Ideal preparation can be over-rated
Perhaps the most revealing admission in Musetti’s post-match interviews was that he had been sick at the start of the week, literally “throwing up”, so much so that he had not believed for a moment that he had a chance of winning a single match, let alone the entire tournament. Consequently, his Hamburg triumph might be yet more proof that for athletes the ideal preparation can be over-rated and sometimes it is best for them just to wing it and see what happens.
The classic, indeed defining, example of that is the victory of Denmark at the 1992 European Football Championship. Then, the Danish players were literally summoned from their holiday beaches to be last-minute replacements for Yugoslavia, who had qualified ahead of them but were subsequently banned from the tournament because of the break-up of the country and the start of the Balkan wars. Musetti’s own preparation (or lack of it) in Hamburg may not have been quite as dramatic as that of the Danish footballers thirty years ago. None the less, it shows that sometimes it really is best not to overthink things.
In particular, because he was probably still lacking at least a little energy after being so ill earlier in the week, Musetti may have decided that he did not have any energy to waste on the kind of petulant, even self-defeating antics that have occasionally marked his game in the past. Instead, perhaps out of sheer necessity, he showed an extraordinary level of resilience all week, even against the mighty Alcaraz.
The future for “Must-See” Musetti
For Musetti, Hamburg could be hugely significant, but it could also be important for men’s tennis as a whole. Alcaraz has been so astonishingly good this season, especially on clay (his loss to Musetti was only his third on the red stuff all season), that there was a slight fear building that once The Big Three finally depart he would prove, to use a classic tennis term, “too good” for all his contemporaries.
However, two Italian victories over the precocious Alcaraz have reminded everyone that even the very best players can lose, at least occasionally.
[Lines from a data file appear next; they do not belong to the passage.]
(* Let $P$ be a pair of pants with $\pi_1(P)=\langle \mathcal A,\mathcal B,\mathcal C\mid \mathcal C\mathcal B\mathcal A=1\rangle$ (generators corresponding to the boundary components). Then $\mathrm{rep}(\pi_1(P),\mathrm{SO}(3))$ contains a dense open subset consisting of triangular characters. Moreover, from any character one can find a path to triangular characters such that every point of the path except its starting point is triangular.
   Context: $\mathrm{rep}(\pi_1(P),\mathrm{SO}(3))=\mathrm{Hom}(\pi_1(P),\mathrm{SO}(3))/\mathrm{SO}(3)$ (conjugation quotient). For $x\in\mathbb S^2$ and $\theta$, $R_{x,\theta}\in\mathrm{SO}(3)$ denotes the rotation fixing $x$ by angle $\theta$ counterclockwise as seen from $x$. A representation $h:\pi_1(P)\to\mathrm{SO}(3)$ is triangular if there is a nondegenerate spherical triangle (bounded by three geodesic arcs of length $<\pi$, vertices not on a common great circle) with vertices $w_0,w_1,w_2$ in clockwise order and angles $\theta_0,\theta_1,\theta_2$ such that $h(\mathcal A)=R_{w_0,2\theta_0}$, $h(\mathcal B)=R_{w_1,2\theta_1}$, $h(\mathcal C)=R_{w_2,2\theta_2}$ (equivalently, $h$ is the holonomy of the spherical structure on $P$ obtained by gluing two copies of the triangle along corresponding edges). A character is triangular if it is the class of a triangular representation. *)

theory Defs
  imports "HOL-Analysis.Analysis"
begin

definition quotient_topology :: "'a topology \<Rightarrow> ('a \<Rightarrow> 'b) \<Rightarrow> 'b topology" where
  "quotient_topology X q =
     topology (\<lambda>U. U \<subseteq> q ` topspace X \<and> openin X {x \<in> topspace X. q x \<in> U})"

lemma istopology_quotient_topology:
  "istopology (\<lambda>U. U \<subseteq> q ` topspace X \<and> openin X {x \<in> topspace X. q x \<in> U})"
proof -
  have i: "{x \<in> topspace X. q x \<in> S \<inter> T} = {x \<in> topspace X. q x \<in> S} \<inter> {x \<in> topspace X. q x \<in> T}"
    for S T by blast
  have u: "{x \<in> topspace X. q x \<in> \<Union>K} = (\<Union>S\<in>K. {x \<in> topspace X. q x \<in> S})" for K by blast
  show ?thesis unfolding istopology_def
  proof (rule conjI; intro allI impI)
    fix S T assume "S \<subseteq> q ` topspace X \<and> openin X {x \<in> topspace X. q x \<in> S}"
      "T \<subseteq> q ` topspace X \<and> openin X {x \<in> topspace X. q x \<in> T}"
    then show "S \<inter> T \<subseteq> q ` topspace X \<and> openin X {x \<in> topspace X. q x \<in> S \<inter> T}"
      by (metis (no_types, lifting) i le_infI1 openin_Int)
  next
    fix K assume "\<forall>S\<in>K. S \<subseteq> q ` topspace X \<and> openin X {x \<in> topspace X. q x \<in> S}"
    then show "\<Union>K \<subseteq> q ` topspace X \<and> openin X {x \<in> topspace X. q x \<in> \<Union>K}"
      by (auto simp only: u intro!: openin_Union)
  qed
qed

lemma openin_quotient_topology:
  "openin (quotient_topology X q) U \<longleftrightarrow>
     U \<subseteq> q ` topspace X \<and> openin X {x \<in> topspace X. q x \<in> U}"
  unfolding quotient_topology_def
  by (simp only: topology_inverse'[OF istopology_quotient_topology])

type_synonym mat3 = "real^3^3"

definition SO3 :: "mat3 set" where
  "SO3 = {M. orthogonal_matrix M \<and> det M = 1}"

text \<open>R x theta: rotation fixing the unit vector x by angle theta, counterclockwise
  as seen from x (right-hand rule; Rodrigues' formula).\<close>
definition rot :: "real^3 \<Rightarrow> real \<Rightarrow> mat3" where
  "rot x \<theta> = matrix (\<lambda>v. cos \<theta> *\<^sub>R v + sin \<theta> *\<^sub>R (cross3 x v) + ((1 - cos \<theta>) * (x \<bullet> v)) *\<^sub>R x)"

text \<open>Interior angle at vertex a of the spherical triangle with vertices a, b, c:
  the angle between the tangent vectors at a of the geodesic arcs from a to b and from a to c.\<close>
definition sph_angle :: "real^3 \<Rightarrow> real^3 \<Rightarrow> real^3 \<Rightarrow> real" where
  "sph_angle a b c =
     (let t1 = b - (a \<bullet> b) *\<^sub>R a; t2 = c - (a \<bullet> c) *\<^sub>R a
      in arccos ((t1 \<bullet> t2) / (norm t1 * norm t2)))"

text \<open>Nondegenerate spherical triangle: vertices on the unit sphere, not on a common
  great circle (i.e. linearly independent; then the sides are geodesic arcs of length
  less than pi).  Vertices in clockwise order as seen from outside the sphere means
  negative orientation: w0 . (w1 x w2) < 0.\<close>
definition cw_sph_triangle :: "real^3 \<Rightarrow> real^3 \<Rightarrow> real^3 \<Rightarrow> bool" where
  "cw_sph_triangle w0 w1 w2 \<longleftrightarrow>
     norm w0 = 1 \<and> norm w1 = 1 \<and> norm w2 = 1 \<and>
     w0 \<bullet> cross3 w1 w2 \<noteq> 0 \<and>
     w0 \<bullet> cross3 w1 w2 < 0"

text \<open>pi_1(P) = < A, B, C | C B A = 1 >.  A homomorphism pi_1(P) \<rightarrow> SO(3) is the triple
  (h(A), h(B), h(C)) of elements of SO(3) satisfying h(C) h(B) h(A) = 1.\<close>
definition Hom_P :: "(mat3 \<times> mat3 \<times> mat3) set" where
  "Hom_P = {(a, b, c). a \<in> SO3 \<and> b \<in> SO3 \<and> c \<in> SO3 \<and> c ** b ** a = mat 1}"

definition conj_rep :: "mat3 \<Rightarrow> mat3 \<times> mat3 \<times> mat3 \<Rightarrow> mat3 \<times> mat3 \<times> mat3" where
  "conj_rep g h = (case h of (a, b, c) \<Rightarrow>
     (g ** a ** matrix_inv g, g ** b ** matrix_inv g, g ** c ** matrix_inv g))"

definition character :: "mat3 \<times> mat3 \<times> mat3 \<Rightarrow> (mat3 \<times> mat3 \<times> mat3) set" where
  "character h = {conj_rep g h | g. g \<in> SO3}"

definition Hom_top :: "(mat3 \<times> mat3 \<times> mat3) topology" where
  "Hom_top = subtopology euclidean Hom_P"

definition rep_top :: "(mat3 \<times> mat3 \<times> mat3) set topology" where
  "rep_top = quotient_topology Hom_top character"

definition triangular_rep :: "mat3 \<times> mat3 \<times> mat3 \<Rightarrow> bool" where
  "triangular_rep h \<longleftrightarrow> h \<in> Hom_P \<and>
     (\<exists>w0 w1 w2. cw_sph_triangle w0 w1 w2 \<and>
        h = (rot w0 (2 * sph_angle w0 w1 w2),
             rot w1 (2 * sph_angle w1 w2 w0),
             rot w2 (2 * sph_angle w2 w0 w1)))"

definition triangular_char :: "(mat3 \<times> mat3 \<times> mat3) set \<Rightarrow> bool" where
  "triangular_char c \<longleftrightarrow> (\<exists>h. triangular_rep h \<and> c = character h)"

end

theory Submission
  imports Defs
begin

text \<open>A representation (a, b, c) with a b \<noteq> b a is triangular: a and b factor as a = \<sigma>_p \<sigma>_q and
  b = \<sigma>_r \<sigma>_p through reflections in three planes in general position, so c = \<sigma>_q \<sigma>_r, and the
  triangle cut out by the three planes has exactly these products as vertex rotations.
  Noncommutativity is an open, conjugation-invariant condition, and every pair of rotations can
  be deformed so that it stops commuting at once; hence the characters of noncommuting
  representations form an open set of triangular characters which every character reaches by a
  path, so it is also dense.\<close>

lemma inner_vec3: "x \<bullet> (y::real^3) = x$1 * y$1 + x$2 * y$2 + x$3 * y$3"
  by (simp add: inner_vec_def sum_3)

lemma inner_cross_cyclic: "(x::real^3) \<bullet> cross3 y z = y \<bullet> cross3 z x"
  by (simp add: inner_vec3 cross_components algebra_simps)

lemma cross_cross_left: "cross3 (cross3 a b) c = (a \<bullet> c) *\<^sub>R b - (b \<bullet> c) *\<^sub>R a"
  by (simp add: vec_eq_iff forall_3 cross_components inner_vec3 algebra_simps)

lemma cross_cross_right: "cross3 a (cross3 b c) = (a \<bullet> c) *\<^sub>R b - (a \<bullet> b) *\<^sub>R c"
  by (simp add: vec_eq_iff forall_3 cross_components inner_vec3 algebra_simps)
First, Jannik Sinner had beaten Alcaraz at Wimbledon, on their first ever encounter on grass, to remind everyone of his own impressive credentials as a potential future Major-winner. And yesterday Musetti, with the best (or at the very least the most beautiful) backhand in tennis to the fore, proved that Sinner is not the only young Italian man who could challenge for the greatest prizes in tennis.
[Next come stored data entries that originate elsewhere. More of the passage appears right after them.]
(* Let $G=(V,E)$ be a finite graph with adjacency matrix $A$, and let $I,J\subset V$ be disjoint sets of cardinality $b$. Assume that there exists at least one path matching from $I$ to $J$ and that all minimal path matchings from $I$ to $J$ have the same matching map. Let $|V|-\ell$ be the length of a minimal path matching. If $m_1,\dots,m_r$ are the multiplicities of the distinct eigenvalues $\lambda_1,\dots,\lambda_r$ of $A$, then $$\sum_{i=1}^r(m_i-b)_+\le\ell.$$ Consequently, for any $1\le k\le r$, $m_1+\dots+m_k\le kb+\ell$.
   Context: For disjoint $I=\{i_1,\dots,i_b\}$, $J=\{j_1,\dots,j_b\}\subset V$, a path matching from $I$ to $J$ is a collection $\Pi=\{\pi_1,\dots,\pi_b\}$ of pairwise vertex-disjoint self-avoiding paths $\pi_s=(u_{s,1},\dots,u_{s,p_s})$ in $G$ such that, for some permutation $\sigma$ of $\{1,\dots,b\}$, $u_{s,1}=i_s$ and $u_{s,p_s}=j_{\sigma(s)}$ for all $s$; $\sigma$ is its matching map. Its length is $|\Pi|=\sum_s p_s$ (the total number of vertices on the paths). A minimal path matching is one of minimal length. $x_+=\max(x,0)$. *)

theory Defs
  imports "Jordan_Normal_Form.Char_Poly"
begin

text \<open>A finite simple graph on vertex set V = {0..<n}: an edge relation E that is
  symmetric and irreflexive on V (edges outside V are ignored).\<close>

definition simple_graph :: "nat \<Rightarrow> (nat \<Rightarrow> nat \<Rightarrow> bool) \<Rightarrow> bool" where
  "simple_graph n E \<longleftrightarrow> (\<forall>u<n. \<forall>v<n. E u v \<longleftrightarrow> E v u) \<and> (\<forall>v<n. \<not> E v v)"

definition adjacency_matrix :: "nat \<Rightarrow> (nat \<Rightarrow> nat \<Rightarrow> bool) \<Rightarrow> real mat" where
  "adjacency_matrix n E = mat n n (\<lambda>(i, j). if E i j then 1 else 0)"

definition sa_path :: "nat \<Rightarrow> (nat \<Rightarrow> nat \<Rightarrow> bool) \<Rightarrow> nat list \<Rightarrow> bool" where
  "sa_path n E p \<longleftrightarrow> p \<noteq> [] \<and> distinct p \<and> set p \<subseteq> {0..<n}
     \<and> (\<forall>k. Suc k < length p \<longrightarrow> E (p ! k) (p ! Suc k))"

definition path_matching ::
  "nat \<Rightarrow> (nat \<Rightarrow> nat \<Rightarrow> bool) \<Rightarrow> nat set \<Rightarrow> nat set \<Rightarrow> (nat \<Rightarrow> nat list) \<Rightarrow> bool" where
  "path_matching n E I J P \<longleftrightarrow>
     (\<forall>i\<in>I. sa_path n E (P i) \<and> hd (P i) = i)
     \<and> (\<forall>i\<in>I. \<forall>i'\<in>I. i \<noteq> i' \<longrightarrow> set (P i) \<inter> set (P i') = {})
     \<and> bij_betw (\<lambda>i. last (P i)) I J"

definition matching_map :: "(nat \<Rightarrow> nat list) \<Rightarrow> nat \<Rightarrow> nat" where
  "matching_map P i = last (P i)"

definition pm_length :: "nat set \<Rightarrow> (nat \<Rightarrow> nat list) \<Rightarrow> nat" where
  "pm_length I P = (\<Sum>i\<in>I. length (P i))"

definition min_path_matching ::
  "nat \<Rightarrow> (nat \<Rightarrow> nat \<Rightarrow> bool) \<Rightarrow> nat set \<Rightarrow> nat set \<Rightarrow> (nat \<Rightarrow> nat list) \<Rightarrow> bool" where
  "min_path_matching n E I J P \<longleftrightarrow> path_matching n E I J P
     \<and> (\<forall>Q. path_matching n E I J Q \<longrightarrow> pm_length I P \<le> pm_length I Q)"

definition eig_mult :: "real mat \<Rightarrow> real \<Rightarrow> nat" where
  "eig_mult A x = order x (char_poly A)"

end

theory Submission
  imports Defs "Jordan_Normal_Form.Schur_Decomposition" "HOL-Combinatorics.Cycles"
begin

text \<open>Let \<open>\<beta>\<close> be the inverse of the common matching map of the minimal path matchings and
  let \<open>N(x)\<close> be \<open>x I - A\<close> with every row \<open>j \<in> J\<close> replaced by the unit row at \<open>\<beta> j\<close>.
  A permutation contributes to \<open>det N\<close> only if it follows \<open>\<beta>\<close> on \<open>J\<close> and moves every
  other vertex it does not fix to a neighbour. The orbits of \<open>I\<close> under such a permutation form
  a path matching through moved vertices, so it fixes at most \<open>\<ell>\<close> vertices and
  \<open>deg (det N) \<le> \<ell>\<close>. A permutation fixing exactly \<open>\<ell>\<close> vertices closes a minimal
  path matching into cycles via \<open>\<beta>\<close>, because all minimal path matchings have the same
  matching map; each such permutation contributes \<open>+1\<close> to the coefficient of \<open>x ^ \<ell>\<close>,
  and closing a given minimal path matching shows there is one, so \<open>det N \<noteq> 0\<close>.
  As \<open>A\<close> is symmetric, an eigenvalue \<open>\<lambda>\<close> of multiplicity \<open>m\<close> has \<open>m\<close> independent
  eigenvectors, and multiplying \<open>N\<close> by them shows \<open>(x - \<lambda>) ^ (m - b) dvd det N\<close>.
  Summing the orders of these roots gives \<open>\<Sum> (m\<^sub>i - b)\<^sub>+ \<le> deg (det N) \<le> \<ell>\<close>.\<close>

subsection \<open>Eigenvectors of real symmetric matrices\<close>

lemma orthogonal_mat_with_first_col:
  fixes v :: "real vec"
  assumes v: "v \<in> carrier_vec n" and v0: "v \<noteq> 0\<^sub>v n"
  shows "\<exists>W \<in> carrier_mat n n. transpose_mat W * W = 1\<^sub>m n \<and> (\<exists>c. col W 0 = c \<cdot>\<^sub>v v)"
proof -
  interpret cof_vec_space n "TYPE(real)" .
  define bs where "bs = basis_completion v"
  from basis_completion[OF v v0, folded bs_def]
  have dist: "distinct bs" and indep: "\<not> lin_dep (set bs)" and bs: "set bs \<subseteq> carrier_vec n"
    and hd_bs: "hd bs = v" and len_bs: "length bs = n" by auto
  have n: "n \<noteq> 0"
    using v v0 by (metis carrier_vecD eq_vecI index_zero_vec(2) less_nat_zero_code)
  from hd_bs len_bs n obtain vs where bs_v: "bs = v # vs" by (cases bs) auto
  define ws where "ws = gram_schmidt n bs"
  from gram_schmidt_result[OF bs dist indep ws_def]
  have ws: "set ws \<subseteq> carrier_vec n" "corthogonal ws" "length ws = n" by (auto simp: len_bs)
  have ws0: "ws ! 0 = v"
    using gram_schmidt_hd[OF v] ws(3) n unfolding ws_def bs_v by (metis hd_conv_nth list.size(3))
  define s where "s = (\<lambda>w::real vec. 1 / sqrt (w \<bullet> w))"
  define W where "W = mat_of_cols n (map (\<lambda>w. s w \<cdot>\<^sub>v w) ws)"
  have wsi: "i < n \<Longrightarrow> ws ! i \<in> carrier_vec n" for i using ws by auto
  have W: "W \<in> carrier_mat n n" unfolding W_def using ws(3) by (simp add: mat_of_cols_def)
  have colW: "i < n \<Longrightarrow> col W i = s (ws ! i) \<cdot>\<^sub>v ws ! i" for i
    unfolding W_def using ws wsi by (subst col_mat_of_cols) auto
  have orth: "i < n \<Longrightarrow> j < n \<Longrightarrow> ws ! i \<bullet> ws ! j = 0 \<longleftrightarrow> i \<noteq> j" for i j
    using corthogonalD[OF ws(2), of i j] ws(3) by simp
  have pos: "i < n \<Longrightarrow> ws ! i \<bullet> ws ! i > 0" for i
    using conjugate_square_ge_0_vec[of "ws ! i"] orth[of i i]
    by (simp add: order_le_neq_trans)
  have "transpose_mat W * W = 1\<^sub>m n"
  proof (rule eq_matI)
    fix i j assume "i < dim_row (1\<^sub>m n)" "j < dim_col (1\<^sub>m n)"
    hence i: "i < n" and j: "j < n" by auto
    have "(transpose_mat W * W) $$ (i, j) = s (ws ! i) * s (ws ! j) * (ws ! i \<bullet> ws ! j)"
      using i j W wsi[OF i] wsi[OF j] by (simp add: colW)
    also have "\<dots> = 1\<^sub>m n $$ (i, j)"
      using orth[OF i j] pos[OF i] i j by (cases "i = j") (auto simp: s_def field_simps)
    finally show "(transpose_mat W * W) $$ (i, j) = 1\<^sub>m n $$ (i, j)" .
  qed (use W in auto)
  moreover have "col W 0 = s v \<cdot>\<^sub>v v" using colW[of 0] ws0 n by simp
  ultimately show ?thesis using W by blast
qed

lemma symmetric_mat_first_col_block:
  fixes A :: "'a::zero mat"
  assumes A: "A \<in> carrier_mat (Suc m) (Suc m)" and sym: "transpose_mat A = A"
    and col0: "\<And>i. i < Suc m \<Longrightarrow> A $$ (i, 0) = (if i = 0 then la else 0)"
  defines "A3 \<equiv> mat m m (\<lambda>(i, j). A $$ (Suc i, Suc j))"
  shows "A = four_block_mat (mat 1 1 (\<lambda>_. la)) (0\<^sub>m 1 m) (0\<^sub>m m 1) A3"
    and "transpose_mat A3 = A3"
proof -
  have entry_sym: "A $$ (j, i) = A $$ (i, j)" if "i < Suc m" "j < Suc m" for i j
    using sym[THEN arg_cong[of _ _ "\<lambda>M. M $$ (i, j)"]] A that by simp
  show "A = four_block_mat (mat 1 1 (\<lambda>_. la)) (0\<^sub>m 1 m) (0\<^sub>m m 1) A3"
  proof (rule eq_matI)
    fix i j assume "i < dim_row (four_block_mat (mat 1 1 (\<lambda>_. la)) (0\<^sub>m 1 m) (0\<^sub>m m 1) A3)"
      "j < dim_col (four_block_mat (mat 1 1 (\<lambda>_. la)) (0\<^sub>m 1 m) (0\<^sub>m m 1) A3)"
    hence i: "i < Suc m" and j: "j < Suc m" by (auto simp: A3_def)
    show "A $$ (i, j) = four_block_mat (mat 1 1 (\<lambda>_. la)) (0\<^sub>m 1 m) (0\<^sub>m m 1) A3 $$ (i, j)"
    proof (cases "i = 0 \<or> j = 0")
      case True
      then show ?thesis using i j col0 col0[of j] entry_sym[of 0 j] by (auto simp: A3_def)
    next
      case False
      then obtain i' j' where "i = Suc i'" "j = Suc j'" by (metis not0_implies_Suc)
      then show ?thesis using i j by (auto simp: A3_def)
    qed
  qed (use A in \<open>auto simp: A3_def\<close>)
  show "transpose_mat A3 = A3"
    by (rule eq_matI) (auto simp: A3_def entry_sym)
qed

lemma char_poly_orthogonal_conj:
  assumes A: "A \<in> carrier_mat n n" and W: "W \<in> carrier_mat n n"
    and WW: "transpose_mat W * W = 1\<^sub>m n" and WW': "W * transpose_mat W = 1\<^sub>m n"
  shows "char_poly (transpose_mat W * A * W) = char_poly A"
proof -
  have WT: "transpose_mat W \<in> carrier_mat n n" using W by auto
  have "W * (transpose_mat W * A * W) * transpose_mat W
      = (W * transpose_mat W) * A * (W * transpose_mat W)"
    using A W WT by (simp add: assoc_mult_mat[of _ n n _ n _ n])
  hence "similar_mat_wit A (transpose_mat W * A * W) W (transpose_mat W)"
    unfolding similar_mat_wit_def Let_def using A W WT WW WW' by simp
  hence "similar_mat A (transpose_mat W * A * W)" unfolding similar_mat_def by blast
  thus ?thesis by (simp add: char_poly_similar)
qed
Extraordinarily, Italy has only ever had two male Major champions: Nicola Pietrangeli, who won the French Open in 1959 and 1960; and Adriano Panatta, who triumphed once at Roland Garros, in 1976. Now, in Sinner and Musetti, it is possible that Italy will have two male Major champions in the next decade, and that is without even mentioning the older and much more established Matteo Berrettini, who was runner-up at Wimbledon last year.
For Musetti, the last week in northern Germany has been a triumphant vindication of all his potential. As a former Junior World No.1, he has long been earmarked for greatness, especially because of that astonishing backhand, which has already drawn comparison with the greatest single-handed backhands ever seen in tennis, from Henin to Federer.
Until now, however, he has not been able to put all his obvious potential together for long enough even to reach an ATP final, let alone win one. That all changed in Hamburg. As a result, in time he may look back on it as fondly as The Beatles did, knowing that it was the making of him, both as a man and as a player.